FT: А без участия государства диверсификация экономики невозможна?
ИВАНОВ: Невозможна, потому что для этого необходимы инвестиции в основные фонды, например, в транспортную инфраструктуру. Без мобильности населения и рабочей силы никакой диверсификации не будет. Кроме того, не стоит забывать о российской специфике. У вас, с вашей территорией, в этом смысле все в порядке. Но наша страна протянулась на 10 часовых поясов, и между Уралом и Тихим океаном живет всего 20 миллионов человек. Всего 20 миллионов населяет две трети территории страны. Ясно, что здесь возникает проблема демографического характера, и у нас есть национальный проект, призванный ее решить. К тому же нам не обойтись без иммигрантов. Они нам нужны, но мы хотим упорядочить этот процесс, чтобы иммигранты ехали не туда, куда они захотят - например, в Подмосковье, а туда, где мы в них нуждаемся.

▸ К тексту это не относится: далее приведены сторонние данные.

lemma variance_le_quarter: "variance (\<lambda>x. x) \<le> 1/4"
proof -
  define \<mu> where "\<mu> = expectation (\<lambda>x. x)"
  have "variance (\<lambda>x. x) \<le> expectation (\<lambda>x. x * (1 - 2*\<mu>) + \<mu>^2)"
    unfolding \<mu>_def[symmetric]
  proof (rule integral_mono_AE)
    show "integrable M (\<lambda>x. (x - \<mu>)^2)"
    proof (rule integrable_bounded_on_unit_interval[where B="(1 + \<bar>\<mu>\<bar>)^2"])
      fix x :: real
      assume "0 \<le> x" "x \<le> 1"
      then have "\<bar>x - \<mu>\<bar>^2 \<le> (1 + \<bar>\<mu>\<bar>)^2" by (intro power_mono) auto
      then show "\<bar>(x - \<mu>)^2\<bar> \<le> (1 + \<bar>\<mu>\<bar>)^2" by simp
    qed simp
    show "integrable M (\<lambda>x. x * (1 - 2*\<mu>) + \<mu>^2)"
      using integrable_id by simp
    show "AE x in M. (x - \<mu>)^2 \<le> x * (1 - 2*\<mu>) + \<mu>^2"
      using AE_unit_interval
    proof eventually_elim
      case (elim x)
      then have "x * x \<le> x" using mult_left_le[of x x] by simp
      then show ?case by (simp add: power2_eq_square algebra_simps)
    qed
  qed
  also have "\<dots> = \<mu> * (1 - \<mu>)"
    using integrable_id by (simp add: \<mu>_def prob_space algebra_simps power2_eq_square)
  also have "\<dots> \<le> 1/4" by (rule mult_one_minus_le_quarter)
  finally show ?thesis .
qed

end

lemma unit_interval_prob_density:
  fixes f :: "real \<Rightarrow> real"
  assumes "prob_space (density lborel f)" and "measure (density lborel f) {0..1} = 1"
  shows "unit_interval_prob (density lborel f)"
proof -
  have "AE x in density lborel f. 0 \<le> x \<and> x \<le> 1"
    using prob_space.AE_prob_1[OF assms] by simp
  then show ?thesis
    using assms(1) by (simp add: unit_interval_prob_def unit_interval_prob_axioms_def)
qed
lemma NOI_graph_sign_balancing:
  assumes "NOI_graph m1 m2 H"
  obtains s where "sign_balancing H s"
proof -
  from assms obtain P1 P2 where bip: "q_bipartition (grid m1 m2) H P1 P2"
    and NOI: "\<forall>v \<in> grid m1 m2. \<not> ((\<exists>e \<in> EQ H. v \<in> e) \<and> (\<exists>e \<in> EL H. v \<in> e))"
    unfolding NOI_graph_def by blast
  \<comment> \<open>Vertices on L-edges carry no Q-edge, so moving them into P1 keeps the Q-edges crossing.\<close>
  define P where "P = P1 \<union> {v. \<exists>e \<in> EL H. v \<in> e}"
  have "u \<in> P \<longleftrightarrow> v \<in> P" if "{u, v} \<in> EL H" for u v
    using that unfolding P_def by blast
  moreover have "u \<in> P \<longleftrightarrow> v \<notin> P" if uv: "{u, v} \<in> EQ H" for u v
  proof -
    have "\<not> (\<exists>e \<in> EL H. x \<in> e)" if "x \<in> {u, v}" for x
    proof -
      have "x \<in> grid m1 m2"
        using that q_bipartition_crossing(2,3)[OF bip uv] by blast
      moreover have "\<exists>e \<in> EQ H. x \<in> e"
        using that uv by blast
      ultimately show ?thesis
        using NOI by blast
    qed
    then show ?thesis
      unfolding P_def using q_bipartition_crossing(1)[OF bip uv] by blast
  qed
  ultimately have "sign_balancing H (\<lambda>v. if v \<in> P then 1 else -1)"
    by (rule sign_balancing_cut)
  then show ?thesis by (rule that)
qed

lemma COI_graph_sign_balancing:
  assumes "COI_graph m1 m2 H"
  obtains s where "sign_balancing H s"
proof -
  from assms obtain P1 P2 where bip: "q_bipartition (grid m1 m2) H P1 P2"
    and COI: "\<forall>e \<in> EL H. (\<exists>u \<in> P1. \<exists>v \<in> P1. e = {u, v}) \<or> (\<exists>u \<in> P2. \<exists>v \<in> P2. e = {u, v})"
    unfolding COI_graph_def by (elim exE conjE)
  have "u \<in> P1 \<longleftrightarrow> v \<in> P1" if "{u, v} \<in> EL H" for u v
  proof -
    from COI that obtain a b where "a \<in> P1 \<and> b \<in> P1 \<or> a \<in> P2 \<and> b \<in> P2" "{u, v} = {a, b}"
      by blast
    moreover have "P1 \<inter> P2 = {}"
      using bip unfolding q_bipartition_def by simp
    ultimately show ?thesis
      by (auto simp: doubleton_eq_iff)
  qed
  then have "sign_balancing H (\<lambda>v. if v \<in> P1 then 1 else -1)"
    using q_bipartition_crossing(1)[OF bip] by (rule sign_balancing_cut)
  then show ?thesis by (rule that)
qed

FT: Какова роль государства и частных фирм, в том числе иностранных, в энергетике?
ИВАНОВ: Энергетическая сфера - не моя компетенция. Но, насколько я знаю, в нефтедобыче у нас есть частные компании, например 'ЛУКойл' - это один из крупных игроков. В освоении новых месторождений, для которого требуются большие инвестиции, участвуют иностранные компании. Возможно, масштабы этого участия ограничены, и, как я понимаю, западные страны не совсем довольны уровнем доступа на наш сырьевой рынок. Но поймите и нас: это наши ресурсы, и нам решать, как их осваивать, и откуда брать на это средства. К примеру, мы допускаем в этот сектор иностранных инвесторов в качестве подрядчиков. Мы обеспечиваем им доступ в плане инвестиций в развитие технологий. Но что касается крупных месторождений, я не думаю, что в обозримом. . . будущем мы позволим любой иностранной компании владеть крупным месторождением на территории Российской Федерации. Более реалистичная формула - обмен активами. Мы обеспечим вам частичный доступ к нашим сырьевым ресурсам в обмен на доступ к распределительной инфраструктуре на вашей территории, в том числе электроэнергетическим и газовым. В общем, к энергораспределительным системам. Подобный обмен представляется мне более справедливым.
FT: В плане экономической политики Вы считаете себя либералом?
ИВАНОВ: Пожалуй. В целом я за либеральную экономическую политику, но с учетом того, что в экономике есть сектора, которые - как это происходит и в других странах - еще долгое время будут и должны контролироваться государством. В целом я считаю себя довольно либеральным человеком, в основном потому, что долго жил в европейских городах. У России есть одно объективное преимущество - нас нельзя ставить на одну доску с бурно развивающимися азиатскими рынками. Во-первых, уровень образования у нас намного выше. Средний уровень, я хочу сказать. Я, конечно, отвечаю за науку и технику, а не за образование - его курирует Дмитрий Анатольевич Медведев. Но в моей сфере ответственности - такие направления, как биотехнологии и нанотехнологии. Я считаю, что государство должно не просто раздавать деньги, а осуществлять инвестиции в науку. Ему следует вкладывать капиталы в разработку нанотехнологий и энергосберегающих технологий, но имея при этом в виду, что все это будет использоваться на рынке. Деньги давать можно, если вы знаете, что они будут способствовать получению доходов. Не просто наука ради науки. Конечно, в фундаментальной науке есть сектора, которые финансируются исключительно государством - во всех странах, и у нас тоже. Примерно 20% средств, вкладываемых в науку это, пользуясь военной терминологией - 'безвозвратные потери'. Но 'безвозвратными' их можно считать лишь в том смысле, что в фундаментальной науке открытия зачастую начинают приносить большую прибыль далеко не сразу - как это было с ядерной энергией, или освоением космоса. Но в целом, конечно, я - сторонник рыночных отношений.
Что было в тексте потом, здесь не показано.